I’d struggled with my weight as a young woman, but for the past two decades, I’ve been thankful for the fact that I now have a “healthy” body weight, and a “fit” body. But I had resigned myself to never having a “sexy” body. My body would make Calvin Klein, with his idea of a size ten, five-foot-eleven model being “plus size” run screaming in the other direction. In fact, I’ve never been able to buy Calvin Klein bras, because even in my size, they don’t fit me. I’ve always thought of my breasts as being “too” full, my tummy “too” rounded, but it never occurred to me that I was judging myself (just as I judged you) and finding myself lacking.
 
But then, I saw your photos, saw you smiling with such a look of daring and fun, I realized how badly I had let myself down, had let my husband down, even. He’s always told me he finds me sexy, but you know what? There was always a tiny part of me that didn’t believe him. There has always been a tiny part of me—when I would see a Victoria’s Secret model that would think, with despair, “I’ve never had a willowy body like that, and I never will.” How did that affect my perception of myself and maybe even my relationship with him, I now wonder?

Seeing your photos, all this went through my mind. How society has issued an edict on which female bodies are sexy and which aren’t; which women can pose for magazines in their altogether and which should be mocked. At the same time that your photos were released, another star, Keira Knightley, posed topless in a “protest against photoshopping” she said. Was she ridiculed? Did memes of her breasts on a turkey platter show up on Facebook? No. Why—because she’s the “right” size? Because it’s okay to show off one’s body as long as it meets the approval of …whom, exactly?  Fashion designers who force models to starve themselves into their clothing?

But Ms. Knightley has a point too, hasn’t she? Who dictates what size makes a woman beautiful?

And what does it say about us as a society that a full grown woman who boldly shows her full hips, backside and breasts is someone to mock, while an emaciated 16-year-old in lingerie is “sexy?” We, as women, have not only accepted but embraced the idea that a fuller woman has no right to feel as good about her body as you obviously do. Fuller women have no right to show our sensual side. We should be laughed at for not being a size zero. And only a woman who “works” for her body, not by healthy eating and reasonable exercise, but by starving herself, too often suffering from eating disorders, drug abuse and everything else that goes with the modeling industry, is permitted to feel “sexy.” The dysfunction of this has become so acceptable that someone like you who doesn’t buy into it, is the one who’s ridiculed.

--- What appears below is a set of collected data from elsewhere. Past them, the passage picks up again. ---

lemma card_suborbit_dvd_card_block:
  assumes \<alpha>: "\<alpha> \<in> B" and \<gamma>: "\<gamma> \<in> \<Omega> - {\<alpha>}"
  shows "card (orbit (stabiliser G \<alpha>) \<gamma>) dvd card B - 1"
proof -
  have closed: "g y \<in> B - {\<alpha>}" if "g \<in> stabiliser G \<alpha>" "y \<in> B - {\<alpha>}" for g y
  proof -
    have g: "g \<in> G" "g \<alpha> = \<alpha>" using that(1) by (auto simp: stabiliser_def)
    then have "g ` B = B" using block_image_eq[OF block g(1) \<alpha>] \<alpha> by simp
    moreover have "g y \<noteq> g \<alpha>"
      using that(2) inj_eq[OF perm_group_inj[OF perm_group g(1)]] by simp
    ultimately show ?thesis using that(2) g(2) by auto
  qed
  have "card (orbit (stabiliser G \<alpha>) y) = card (orbit (stabiliser G \<alpha>) \<gamma>)" if "y \<in> B - {\<alpha>}" for y
    using card_suborbits_eq[of \<alpha> y \<gamma>] that \<alpha> \<gamma> block_subset by auto
  then have "card (orbit (stabiliser G \<alpha>) \<gamma>) dvd card (B - {\<alpha>})"
    using dvd_card_if_card_orbits_eq[OF perm_group_stabiliser[OF perm_group]] finite_block closed
    by blast
  then show ?thesis using \<alpha> by simp
qed

lemma setwise_stabiliser_fixes_block:
  assumes \<alpha>: "\<alpha> \<in> B" and \<gamma>: "\<gamma> \<in> \<Delta> - B"
    and g: "g \<in> stabiliser G \<gamma>" "g ` B = B" and x: "x \<in> B"
  shows "g x = x"
proof -
  define H where "H = {h \<in> stabiliser G \<gamma>. h ` B = B}"
  have H: "perm_group H \<Omega>"
    unfolding H_def by (rule perm_group_setwise_stabiliser[OF perm_group_stabiliser[OF perm_group]])
  have \<gamma>\<Omega>: "\<gamma> \<in> \<Omega>" using \<gamma> orbits_subset[OF perm_group \<Delta>] by auto
  have card_H: "card H = card (orbit H y) * t" if y: "y \<in> B" for y
  proof -
    have "h ` B = B" if "h \<in> G" "h y = y" for h
      using block_image_eq[OF block that(1) y] that(2) y by simp
    then have "stabiliser H y = stabiliser2 G y \<gamma>"
      by (auto simp: H_def stabiliser_def stabiliser2_def)
    moreover have "card (stabiliser2 G y \<gamma>) = t"
      using card_stabiliser2[of y \<gamma>] y \<gamma> \<gamma>\<Omega> block_subset by auto
    ultimately show ?thesis using orbit_stabiliser[OF H, of y] by simp
  qed
  have t: "t > 0" using t_pos[of \<alpha> \<gamma>] \<alpha> \<gamma> \<gamma>\<Omega> block_subset by auto
  have card_B: "card B > 0" using \<alpha> finite_block by (auto simp: card_gt_0_iff)
  define w where "w = card (orbit H \<alpha>)"
  have card_orbit_H: "card (orbit H y) = w" if "y \<in> B" for y
    using card_H[OF that] card_H[OF \<alpha>] t by (simp add: w_def)
  have "w dvd card B"
    using dvd_card_if_card_orbits_eq[OF H finite_block _ card_orbit_H] by (auto simp: H_def)
  moreover have "w dvd card B - 1"
  proof -
    have "card H dvd card (stabiliser G \<alpha>)"
      using card_setwise_stabiliser_dvd[OF perm_group_stabiliser[OF perm_group], of \<gamma> B]
        card_stabiliser_eq_if_mem_orbits[OF perm_group \<Delta>, of \<gamma> \<alpha>] \<alpha> \<gamma> block
      by (auto simp: H_def is_block_def)
    moreover have "card (stabiliser G \<alpha>) = card (orbit (stabiliser G \<alpha>) \<gamma>) * t"
      using card_stabiliser_eq_card_suborbit_mult \<alpha> \<gamma> \<gamma>\<Omega> block_subset by blast
    ultimately have "w * t dvd card (orbit (stabiliser G \<alpha>) \<gamma>) * t"
      using card_H[OF \<alpha>] by (simp add: w_def)
    then have "w dvd card (orbit (stabiliser G \<alpha>) \<gamma>)" using t by simp
    then show ?thesis
      using card_suborbit_dvd_card_block[OF \<alpha>, of \<gamma>] \<alpha> \<gamma> \<gamma>\<Omega> dvd_trans by blast
  qed
  ultimately have "w dvd card B - (card B - 1)" by (rule dvd_diff_nat)
  moreover have "card B - (card B - 1) = 1" using card_B by linarith
  ultimately have "card (orbit H x) = 1" using card_orbit_H[OF x] by simp
  then obtain z where z: "orbit H x = {z}" by (rule card_1_singletonE)
  have "g x \<in> orbit H x" using g by (auto simp: H_def orbit_def)
  then show ?thesis using mem_orbit_self[OF H, of x] z by simp
qed
lemma mem_of_mod_qle_equiv_one:
  assumes "mod_qle g \<one>" "mod_qle \<one> g" "g \<in> carrier G"
  shows "g \<in> H"
proof (rule ccontr)
  assume g_notin: "g \<notin> H"
  then have "inv g \<notin> H" using assms by (metis H.m_inv_closed inv_inv)
  with g_notin assms have "qo_equiv (\<precsim>) g \<one>" by (simp add: mod_qle_def qo_equiv_def)
  with assms g_notin show False using qo_equiv_one_imp_eq H.one_closed by blast
qed

lemma mod_qle_mult_right:
  assumes "mod_qle g h" "\<not> (mod_qle h c \<and> mod_qle c h)"
    and "g \<in> carrier G" "h \<in> carrier G" "c \<in> carrier G"
  shows "mod_qle (g \<otimes> c) (h \<otimes> c)"
proof -
  have "g \<otimes> c \<otimes> inv (h \<otimes> c) = g \<otimes> (c \<otimes> inv c) \<otimes> inv h"
    using assms by (simp only: inv_mult_group m_assoc inv_closed m_closed)
  then have "g \<otimes> c \<otimes> inv (h \<otimes> c) = g \<otimes> inv h"
    using assms by simp
  moreover have "\<not> qo_equiv (\<precsim>) h c"
    using assms(2) by (auto simp: mod_qle_def qo_equiv_def)
  ultimately show ?thesis
    using assms qle_mult_right unfolding mod_qle_def by metis
qed

lemma rcos_representative:
  assumes "A \<in> carrier (G Mod H)"
  obtains g where "g \<in> carrier G" "A = H #> g"
  using assms unfolding carrier_FactGroup by blast

lemma total_quasi_order_quot_le: "total_quasi_order_on (carrier (G Mod H)) (quot_le G (\<precsim>) H)"
  unfolding total_quasi_order_on_def carrier_FactGroup
  using mod_qle_refl mod_qle_trans mod_qle_total
  by (simp add: quot_le_rcos_iff)

lemma quot_le_equiv_one:
  assumes "A \<in> carrier (G Mod H)" "qo_equiv (quot_le G (\<precsim>) H) A H"
  shows "A = H"
proof -
  obtain g where g: "g \<in> carrier G" "A = H #> g" using assms(1) by (rule rcos_representative)
  have "H #> \<one> = H" using H.subset by (rule coset_mult_one)
  with assms g have "mod_qle g \<one>" "mod_qle \<one> g"
    using quot_le_rcos_iff[of g \<one>] quot_le_rcos_iff[of \<one> g] unfolding qo_equiv_def by auto
  then have "g \<in> H" using g by (intro mem_of_mod_qle_equiv_one)
  with g show ?thesis using coset_join2 subgroup_H by blast
qed

lemma quot_le_mult_right:
  assumes "quot_le G (\<precsim>) H A B" "\<not> qo_equiv (quot_le G (\<precsim>) H) B C"
    and "A \<in> carrier (G Mod H)" "B \<in> carrier (G Mod H)" "C \<in> carrier (G Mod H)"
  shows "quot_le G (\<precsim>) H (A <#> C) (B <#> C)"
proof -
  obtain g where g: "g \<in> carrier G" "A = H #> g" using assms(3) by (rule rcos_representative)
  obtain h where h: "h \<in> carrier G" "B = H #> h" using assms(4) by (rule rcos_representative)
  obtain c where c: "c \<in> carrier G" "C = H #> c" using assms(5) by (rule rcos_representative)
  have "mod_qle (g \<otimes> c) (h \<otimes> c)"
    using assms(1,2) g h c quot_le_rcos_iff
    by (intro mod_qle_mult_right) (auto simp: qo_equiv_def)
  then show ?thesis
    using g h c quot_le_rcos_iff normal.rcos_sum[OF subgroup_imp_normal[OF subgroup_H]] by simp
qed

lemma cqo_group_quot: "cqo_group (G Mod H) (quot_le G (\<precsim>) H)"
  unfolding cqo_group_def one_FactGroup mult_FactGroup
  using abelian_FactGroup[OF subgroup_H] total_quasi_order_quot_le
    quot_le_equiv_one quot_le_mult_right
  by blast

lemma qo_hom_rcos: "qo_hom G (\<precsim>) (G Mod H) (quot_le G (\<precsim>) H) (\<lambda>g. H #> g)"
  using normal.r_coset_hom_Mod[OF subgroup_imp_normal[OF subgroup_H]]
  by (simp add: qo_hom_def quot_le_rcos_iff mod_qle_def)

end

theorem mainTheorem9:
  fixes G :: "('a, 'm) monoid_scheme" and qle :: "'a \<Rightarrow> 'a \<Rightarrow> bool" and H :: "'a set"
  assumes "cqo_group G qle"
    and "subgroup H G"
    and "qo_convex G qle H"
  shows "(\<forall>g1\<in>carrier G. \<forall>g2\<in>carrier G. \<forall>h1\<in>H. \<forall>h2\<in>H.
            g1 \<otimes>\<^bsub>G\<^esub> inv\<^bsub>G\<^esub> g2 \<notin> H \<longrightarrow> qle g1 g2 \<longrightarrow>
            qle (g1 \<otimes>\<^bsub>G\<^esub> h1) (g2 \<otimes>\<^bsub>G\<^esub> h2))
      \<and> (\<forall>g\<in>carrier G. \<forall>h\<in>carrier G.
            quot_le G qle H (H #>\<^bsub>G\<^esub> g) (H #>\<^bsub>G\<^esub> h) \<longleftrightarrow>
              (g \<otimes>\<^bsub>G\<^esub> inv\<^bsub>G\<^esub> h \<in> H \<or> (g \<otimes>\<^bsub>G\<^esub> inv\<^bsub>G\<^esub> h \<notin> H \<and> qle g h)))
      \<and> total_quasi_order_on (carrier (G Mod H)) (quot_le G qle H)
      \<and> cqo_group (G Mod H) (quot_le G qle H)
      \<and> qo_hom G qle (G Mod H) (quot_le G qle H) (\<lambda>g. H #>\<^bsub>G\<^esub> g)"
proof -
  interpret cqo_convex_subgroup G qle H
    using assms by (simp add: cqo_convex_subgroup_def cqo_comm_group_def cqo_convex_subgroup_axioms_def)
  show ?thesis
    using qle_mult_mem quot_le_rcos_iff total_quasi_order_quot_le cqo_group_quot qo_hom_rcos
    by (auto simp: mod_qle_def)
qed

end
lemma pow2_dvd_iff_red_eq_0: "(2::z2) ^ n dvd x \<longleftrightarrow> red n x = 0"
proof
  assume "2 ^ n dvd x"
  then obtain y where "x = 2 ^ n * y" by (auto simp: dvd_def)
  then show "red n x = 0" using red_pow2_mult[of 0 n y] red_bounds[of 0 y] by simp
next
  assume "red n x = 0"
  have "x = 2 ^ n * z2_div_pow2 n x"
  proof (rule z2_eqI_red)
    fix m
    have "red (m + n) x mod 2 ^ n = 0" using \<open>red n x = 0\<close> by (simp add: red_mod_le)
    then have "2 ^ n * (red (m + n) x div 2 ^ n) = red (m + n) x"
      by (metis add.right_neutral div_mult_mod_eq mult.commute)
    then have "red (m + n) x = red (m + n) (2 ^ n * z2_div_pow2 n x)"
      by (simp add: red_pow2_mult red_z2_div_pow2 red_mod_le)
    then show "red m x = red m (2 ^ n * z2_div_pow2 n x)"
      by (metis le_add1 red_mod_le)
  qed
  then show "2 ^ n dvd x" by (metis dvd_triv_left)
qed

lemma red_eq_iff_pow2_dvd: "red n x = red n y \<longleftrightarrow> (2::z2) ^ n dvd x - y"
proof -
  have "red n x = red n y \<longleftrightarrow> (red n x - red n y) mod 2 ^ n = 0"
    by (metis mod_eq_dvd_iff dvd_eq_mod_eq_0 red_mod)
  then show ?thesis by (simp add: pow2_dvd_iff_red_eq_0 red_diff)
qed

lemma two_dvd_iff_red1: "(2::z2) dvd x \<longleftrightarrow> red 1 x = 0"
  using pow2_dvd_iff_red_eq_0[of 1 x] by simp

lemma red1_cases: "red 1 x = 0 \<or> red 1 x = 1"
  using red_bounds[of 1 x] by auto

lemma two_dvd_mult_iff: "(2::z2) dvd x * y \<longleftrightarrow> 2 dvd x \<or> 2 dvd y"
  using red1_cases[of x] red1_cases[of y] by (auto simp: two_dvd_iff_red1 red_mult)

lemma not_two_dvd_one: "\<not> (2::z2) dvd 1"
  by (simp add: two_dvd_iff_red1 red_one)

I’m not blaming naturally thin women. They didn’t start this–the fashion industry did.  But I do blame myself and others like me who buy into the diktat, sometimes without even realizing that we’ve bought into it, that only certain shapes are acceptable and others simply laughable. We’ve built into our perceptions of beauty a prison for women, just as sexist as other societies who stone women to death for not covering themselves from head to toe. Our stoning is psychological rather than physical.

Kudos to you for breaking free. And that’s why I have to thank you. Your photos made me feel more beautiful. Your photos, your presence in the tabloids, made me see two things about myself that I didn’t like and I am now determined to change: that I not only judge other women when I believed that I wasn’t, but that I also judge myself.
 
There’s a dress that’s been hanging in my wardrobe for over a year, a dress my husband loves, a dress I wouldn’t wear because I thought I looked “fat” in it. Thanks to you, I’m wearing that dress. Thanks to you, I am going to mentally put my middle finger up to anyone who mocks me, mocks my beautiful body, the body that I have never appreciated it, the body that has been healthy and strong for me all of my life.

So, a very big thank you, Kim. Thank you and I’m sorry.